Exercise description>
Say how many lines of the data contain "with", and nothing more.

Collected data:

***

(* Let $n \geq 24$, and let \[ L = \{0, 2, 3, 7, 8, 9, 10\}, \qquad R = \{n-11, n-10, n-9, n-8, n-6, n-3, n-2, n-1\}. \] Let $M$ be a subset of $[11, n-12]$ with the property that every prefix and every suffix of the interval $[11, n-12]$ has more than half of its elements in $M$. Then $S = L \cup M \cup R$ is an MSTD set. The number of MSTD subsets of $\{0, 1, \dots, n-1\}$ obtained in this way (as $M$ ranges over all such subsets) is $\Theta(2^n/n)$.
   Context: For integers $a \le b$, $[a,b]$ denotes the set $\{a, a+1, \dots, b\}$. A more sums than differences (MSTD) set is a finite set $S$ of integers with $|S+S| > |S-S|$, where $S+S = \{s_1+s_2 : s_1,s_2\in S\}$ and $S-S = \{s_1-s_2 : s_1,s_2\in S\}$. A prefix of $[11, n-12]$ is an interval $[11, 10+k]$ and a suffix is an interval $[n-11-k, n-12]$, for $1 \le k \le n-22$. *)

theory Defs
  imports Main "HOL-Library.Landau_Symbols"
begin

definition sumset :: "int set \<Rightarrow> int set" where
  "sumset S = {a + b | a b. a \<in> S \<and> b \<in> S}"

definition diffset :: "int set \<Rightarrow> int set" where
  "diffset S = {a - b | a b. a \<in> S \<and> b \<in> S}"

definition MSTD :: "int set \<Rightarrow> bool" where
  "MSTD S \<longleftrightarrow> finite S \<and> card (sumset S) > card (diffset S)"

definition Lset :: "int set" where
  "Lset = {0, 2, 3, 7, 8, 9, 10}"

definition Rset :: "nat \<Rightarrow> int set" where
  "Rset n = (let m = int n in {m-11, m-10, m-9, m-8, m-6, m-3, m-2, m-1})"

definition good_middle :: "nat \<Rightarrow> int set \<Rightarrow> bool" where
  "good_middle n M \<longleftrightarrow> M \<subseteq> {11 .. int n - 12} \<and>
     (\<forall>k::nat. 1 \<le> k \<and> k \<le> n - 22 \<longrightarrow>
        2 * card (M \<inter> {11 .. 10 + int k}) > card {11 .. 10 + int k} \<and>
        2 * card (M \<inter> {int n - 11 - int k .. int n - 12}) > card {int n - 11 - int k .. int n - 12})"

definition mstd_family :: "nat \<Rightarrow> int set set" where
  "mstd_family n = {Lset \<union> M \<union> Rset n | M. good_middle n M}"

end

theory Submission
  imports Defs
begin
(* Let $A,B,C$ be the observer canonical realization (described in the context) of a plant $b(s)/a(s)$ that is stable (i.e. $A$ is Hurwitz) and has positive DC gain. Then the first exit map $\psi_+(\xi;1)$ is defined for every $\xi\in\mathbb{R}^n$.
   Context: The plant transfer function is $\frac{b(s)}{a(s)}=\frac{b_{n-1}s^{n-1}+\dots+b_0}{s^n+a_{n-1}s^{n-1}+\dots+a_0}$ with real coefficients. Its observer canonical realization is: $A$ is the $n\times n$ matrix with $A_{i+1,i}=1$ for $i=1,\dots,n-1$, last column $(-a_0,\dots,-a_{n-1})^T$, other entries zero; $B=(b_0,\dots,b_{n-1})^T$; $C=(0,\dots,0,1)$. The DC gain is $b_0/a_0$. The first exit time is $\tau_+(\xi)=\inf\{t>0: Cx(t)<0\}$ where $\dot x=Ax-B$, $x(0)=\xi$; the first exit map is $\psi_+(\xi;1)=x(\tau_+(\xi))$, defined at every point whose trajectory crosses the hyperplane $\{Cx=0\}$ in finite time. *)

theory Defs
  imports "HOL-Analysis.Analysis"
begin

(* Vectors in R^n are functions nat => real (only indices 0..n-1 matter);
   n x n matrices are functions nat => nat => real.  Indices are 0-based:
   paper index k corresponds to k-1 here. *)

text \<open>Observer canonical realization of b(s)/a(s); a k = a_k, b k = b_k (k < n).\<close>
definition obs_A :: "nat \<Rightarrow> (nat \<Rightarrow> real) \<Rightarrow> nat \<Rightarrow> nat \<Rightarrow> real" where
  "obs_A n a i j = (if j = n - 1 then - a i else if i = Suc j then 1 else 0)"

definition obs_B :: "(nat \<Rightarrow> real) \<Rightarrow> nat \<Rightarrow> real" where
  "obs_B b i = b i"

definition obs_C :: "nat \<Rightarrow> (nat \<Rightarrow> real) \<Rightarrow> real" where
  "obs_C n x = x (n - 1)"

***

Solution for this problem>
3